Diagnosis adenoma hypophysis

   The diagnosis of pituitary adenoma is not made immediately, because the symptoms of the tumor are similar to the symptoms of other diseases. The diagnosis is based on the clinical picture, characteristic symptoms and the following studies: MRI of the brain with a focus on the Turkish saddle, hormonal tests (prolactin, growth hormone/IGF-1, ACTH, cortisol, TSH, T4, sex hormones, etc.). You should also be examined by an ophthalmologist to determine the state of vision and field of vision. It is necessary to consult with an endocrinologist. If necessary, other studies are appointed. Based on the results of the examination, a diagnosis is made and a treatment plan is drawn up.

Method of treatment

   The choice of treatment strategy always depends on the size of the adenoma, its type, the degree of pressure on other anatomical structures, the presence of complications, age and other factors. Drug therapy: Prolactinoma is often treated with drugs that reduce the level of prolactin. Sometimes, the tumor may decrease on its own and may require surgical intervention. Surgical treatment: Currently, the standard method is to remove the tumor using endoscopic transnasal surgery through the nasal passages.
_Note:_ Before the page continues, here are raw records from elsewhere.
(* Let $(W_t)_{t\ge 0}$ be a standard Wiener process (Brownian motion) and let $\varepsilon>0$. Then, almost surely, the path $t\mapsto W_t$, $t\in[0,1]$, belongs to $A(\varepsilon)$, i.e. $\|W_\cdot\|_{A(\varepsilon)}<\infty$ almost surely, where $$\|f\|_{A(\varepsilon)}:=\sup_{j\in\mathbb{N}_0}\ \sup_{0\le k\le j}\ \sup_{0<t<1}\ \frac{2^{(j-k)/2}}{(j-k+1)^{\varepsilon}}\cdot\frac{(A_kf_j)^*(t)}{\sqrt{\log(1/t)+1}}$$ for $f\in C([0,1])$.
   Context: Let $I=[0,1]$. For $j\in\mathbb{N}_0$ and $m\in\{0,\dots,2^j-1\}$ let $I_{j,m}=[m2^{-j},(m+1)2^{-j}]$ and let $\chi_{j,m}$ be its indicator function. For $f\in C(I)$ define the (Faber) coefficients $$\lambda_{j,m}=\lambda_{j,m}(f)=-2^{j/2-1}\Big(f\big((m+1)2^{-j}\big)-2f\big((2m+1)2^{-j-1}\big)+f\big(m2^{-j}\big)\Big),$$ which are the coefficients of the uniformly convergent expansion $f(x)=f(0)(1-x)+f(1)x+\sum_{j\ge0}\sum_{m=0}^{2^j-1}2^{-j/2}\lambda_{j,m}v_{j,m}(x)$, where $v_{j,m}$ is the hat function supported on $I_{j,m}$, piecewise linear, equal to $0$ at the endpoints of $I_{j,m}$ and $1$ at its midpoint. Put $f_j=\sum_{m=0}^{2^j-1}\lambda_{j,m}\chi_{j,m}$. For integrable $g$ on $I$ and $k\in\mathbb{N}_0$, $(A_kg)(x)=\sum_{l=0}^{2^k-1}2^k\int_{I_{k,l}}g(t)\,dt\cdot\chi_{k,l}(x)$. For a measurable $h$ on $I$, $h^*(t)=\inf\{s\ge0: |\{x\in I:|h(x)|>s\}|\le t\}$ denotes the non-increasing rearrangement ($|\cdot|$ is Lebesgue measure). *)

theory Defs
  imports "HOL-Probability.Probability"
begin

definition wiener_process :: "'a measure \<Rightarrow> (real \<Rightarrow> 'a \<Rightarrow> real) \<Rightarrow> bool" where
  "wiener_process M W \<longleftrightarrow>
     prob_space M \<and>
     (\<forall>t\<ge>0. W t \<in> borel_measurable M) \<and>
     (AE \<omega> in M. W 0 \<omega> = 0) \<and>
     (AE \<omega> in M. continuous_on {0..} (\<lambda>t. W t \<omega>)) \<and>
     (\<forall>s t. 0 \<le> s \<and> s < t \<longrightarrow>
        distributed M lborel (\<lambda>\<omega>. W t \<omega> - W s \<omega>)
          (\<lambda>x. ennreal (normal_density 0 (sqrt (t - s)) x))) \<and>
     (\<forall>(ts :: nat \<Rightarrow> real) n. 0 \<le> ts 0 \<and> (\<forall>i<n. ts i < ts (Suc i)) \<longrightarrow>
        prob_space.indep_vars M (\<lambda>_. borel) (\<lambda>i \<omega>. W (ts (Suc i)) \<omega> - W (ts i) \<omega>) {..<n})"

definition dyad :: "nat \<Rightarrow> nat \<Rightarrow> real set" where
  "dyad j m = {real m / 2 ^ j .. (real m + 1) / 2 ^ j}"

definition faber_coeff :: "(real \<Rightarrow> real) \<Rightarrow> nat \<Rightarrow> nat \<Rightarrow> real" where
  "faber_coeff f j m = - (2 powr (real j / 2 - 1)) *
     (f ((real m + 1) / 2 ^ j) - 2 * f ((2 * real m + 1) / 2 ^ (j + 1)) + f (real m / 2 ^ j))"

definition faber_level :: "(real \<Rightarrow> real) \<Rightarrow> nat \<Rightarrow> real \<Rightarrow> real" where
  "faber_level f j x = (\<Sum>m<2 ^ j. faber_coeff f j m * indicator (dyad j m) x)"

definition dyad_avg :: "nat \<Rightarrow> (real \<Rightarrow> real) \<Rightarrow> real \<Rightarrow> real" where
  "dyad_avg k g x = (\<Sum>l<2 ^ k. 2 ^ k * integral (dyad k l) g * indicator (dyad k l) x)"

definition rearr :: "(real \<Rightarrow> real) \<Rightarrow> real \<Rightarrow> real" where
  "rearr h t = Inf {s. s \<ge> 0 \<and> measure lborel {x \<in> {0..1}. \<bar>h x\<bar> > s} \<le> t}"

definition A_norm :: "real \<Rightarrow> (real \<Rightarrow> real) \<Rightarrow> ereal" where
  "A_norm eps f = (SUP j. SUP k \<in> {0..j}. SUP t \<in> {0<..<1}.
     ereal (2 powr ((real j - real k) / 2) / (real j - real k + 1) powr eps
            * rearr (dyad_avg k (faber_level f j)) t / sqrt (ln (1 / t) + 1)))"

end

(* Write j = d + k. On each dyadic interval I_{k,l} the average A_k f_j is constant, equal to
   2^((k-d)/2 - 1) B_l, where B_l is the alternating sum of the 2^(d+1) increments of f over the
   grid of mesh 2^-(j+1) inside I_{k,l}. Hence for 2^(i-k) <= t < 2^(i+1-k) the rearrangement
   (A_k f_j)^*(t) is at most 2^(-d/2) K (d+1)^eps sqrt(log(1/t) + 1) as soon as fewer than 2^i of
   the 2^k numbers 2^(k/2) |B_l| exceed K (d+1)^eps sqrt(k-i+1).
   For the Wiener process the 2^(k/2) B_l are independent standard Gaussians, so by the Gaussian
   tail bound and a union bound over the 2^i-element sets of blocks this fails with probability
   at most C exp(-K^2/4) (d+1)^-2 2^-k 2^-i. Summing over d, k and i, the exceptional set on
   which the norm may exceed K has measure O(exp(-K^2/4)), which tends to 0 as K grows. *)

theory Submission
  imports Defs "HOL-Real_Asymp.Real_Asymp"
begin

section \<open>Dyadic averages and the rearrangement\<close>

lemma measure_dyad_Int_dyad:
  fixes j k l m :: nat
  assumes "k \<le> j"
  shows "measure lebesgue (dyad j m \<inter> dyad k l) =
    (if l*2^(j-k) \<le> m \<and> m < (l+1)*2^(j-k) then 1/2^j else 0)"
proof -
  define d where "d = j - k"
  define P :: real where "P = 2^d"
  have P: "(2::real)^j = 2^k * P"
    using assms unfolding P_def d_def by (simp flip: power_add)
  have Pnat: "P = real (2^d)" unfolding P_def by simp
  let ?a1 = "real m / 2^j" and ?b1 = "(real m + 1) / 2^j"
  let ?a2 = "real l / 2^k" and ?b2 = "(real l + 1) / 2^k"
  have int: "dyad j m \<inter> dyad k l = {max ?a1 ?a2 .. min ?b1 ?b2}"
    unfolding dyad_def by auto
  have e1: "?a2 = real l * P / 2^j" and e2: "?b2 = (real l + 1) * P / 2^j"
    by (simp_all add: P P_def field_simps)
  show ?thesis
  proof (cases "l*2^(j-k) \<le> m \<and> m < (l+1)*2^(j-k)")
    case True
    then have "l*2^d \<le> m" "m+1 \<le> (l+1)*2^d" using d_def by auto
    then have "real (l*2^d) \<le> real m" "real (m+1) \<le> real ((l+1)*2^d)"
      by (simp_all only: of_nat_le_iff)
    then have "real l * P \<le> real m" "real m + 1 \<le> (real l + 1) * P"
      unfolding Pnat by (simp_all add: algebra_simps)
    then have "max ?a1 ?a2 = ?a1" "min ?b1 ?b2 = ?b1" unfolding e1 e2
      by (auto simp: max_def min_def divide_le_cancel)
    then show ?thesis using True by (simp add: int divide_le_cancel diff_divide_distrib[symmetric])
  next
    case False
    then have "m+1 \<le> l*2^d \<or> (l+1)*2^d \<le> m" using d_def by auto
    then have "real (m+1) \<le> real (l*2^d) \<or> real ((l+1)*2^d) \<le> real m"
      by (simp only: of_nat_le_iff)
    then have "real m + 1 \<le> real l * P \<or> (real l + 1) * P \<le> real m"
      unfolding Pnat by (simp add: algebra_simps)
    then have "min ?b1 ?b2 \<le> max ?a1 ?a2" unfolding e1 e2
      by (auto simp: max_def min_def divide_le_cancel)
    then have "measure lebesgue (dyad j m \<inter> dyad k l) = 0"
      unfolding int by (cases "min ?b1 ?b2 = max ?a1 ?a2") auto
    then show ?thesis using False by simp
  qed
qed

lemma has_integral_indicator_dyad:
  fixes j k l m :: nat
  assumes "k \<le> j"
  shows "((indicator (dyad j m) :: real \<Rightarrow> real) has_integral
    (if l*2^(j-k) \<le> m \<and> m < (l+1)*2^(j-k) then 1/2^j else 0)) (dyad k l)"
proof -
  have "dyad j m \<inter> dyad k l = cbox (max (real m / 2^j) (real l / 2^k)) (min ((real m+1)/2^j) ((real l+1)/2^k))"
    by (simp add: dyad_def cbox_interval)
  then have lm: "dyad j m \<inter> dyad k l \<in> lmeasurable" by simp
  then have "(indicator (dyad j m) :: real \<Rightarrow> real) integrable_on (dyad k l)"
    using integrable_on_indicator by blast
  from integrable_integral[OF this] show ?thesis
    unfolding integral_indicator[OF lm] measure_dyad_Int_dyad[OF assms] .
qed

lemma integral_dyad_faber_level:
  fixes j k l :: nat
  assumes "k \<le> j" "l < 2^k"
  shows "integral (dyad k l) (faber_level f j) =
    (\<Sum>m\<in>{l*2^(j-k)..<(l+1)*2^(j-k)}. faber_coeff f j m) / 2^j"
proof -
  let ?P = "\<lambda>m. l*2^(j-k) \<le> m \<and> m < (l+1)*2^(j-k)"
  have "(faber_level f j has_integral
      (\<Sum>m<2^j. faber_coeff f j m * (if ?P m then 1/2^j else 0))) (dyad k l)"
    unfolding faber_level_def
    by (intro has_integral_sum has_integral_mult_right has_integral_indicator_dyad assms) auto
  then have "integral (dyad k l) (faber_level f j) =
      (\<Sum>m<2^j. if ?P m then faber_coeff f j m / 2^j else 0)"
    by (simp add: integral_unique if_distrib cong: if_cong)
  also have "\<dots> = (\<Sum>m\<in>{m\<in>{..<2^j}. ?P m}. faber_coeff f j m / 2^j)"
    by (rule sum.inter_filter[symmetric]) simp
  also have "{m\<in>{..<2^j}. ?P m} = {l*2^(j-k)..<(l+1)*2^(j-k)}"
  proof -
    have "(l+1)*2^(j-k) \<le> (2::nat)^k * 2^(j-k)"
      using assms(2) by (intro mult_right_mono) auto
    also have "\<dots> = 2^j" using assms(1) by (simp flip: power_add)
    finally show ?thesis by auto
  qed
  finally show ?thesis by (simp add: sum_divide_distrib)
qed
   In this case to this met, pressure on brain structures is reduced by decompressing the optic nerves. Radiation therapy is also used for residual tumors, recurrences, and in cases where radical surgery is not possible. Monitoring: Small, hormonally inactive microadenomas without symptoms can be dynamically monitored using MRI, hormone levels, and scheduled consultations with specialists.

Can adenoma development be prevented?

   There is no specific method for preventing its development, but early diagnosis and prevention of complications are important. To achieve this, it is necessary to monitor blood pressure and blood sugar levels. Do not take hormonal medications without a prescription. If signs of changes in the endocrine system appear (obesity, menstrual irregularities, decreased potency, infertility, or changes in appearance), get examined. Do not delay a visit to the doctor if you have headaches or vision problems. If your menstrual cycle has changed, you have breast discharge outside of pregnancy or breastfeeding, or your acromegaly symptoms have worsened (enlarged hands and feet, facial changes, weight gain, weakness, increased blood pressure, visual field narrowing, blurred vision, and double vision), you should consult an endocrinologist or neurosurgeon. An MRI has revealed a tumor in the pituitary gland. A pituitary adenoma is curable if detected early. An urgent consultation with a specialist can help preserve your vision, hormonal balance, and life, says A. Zhumabekov.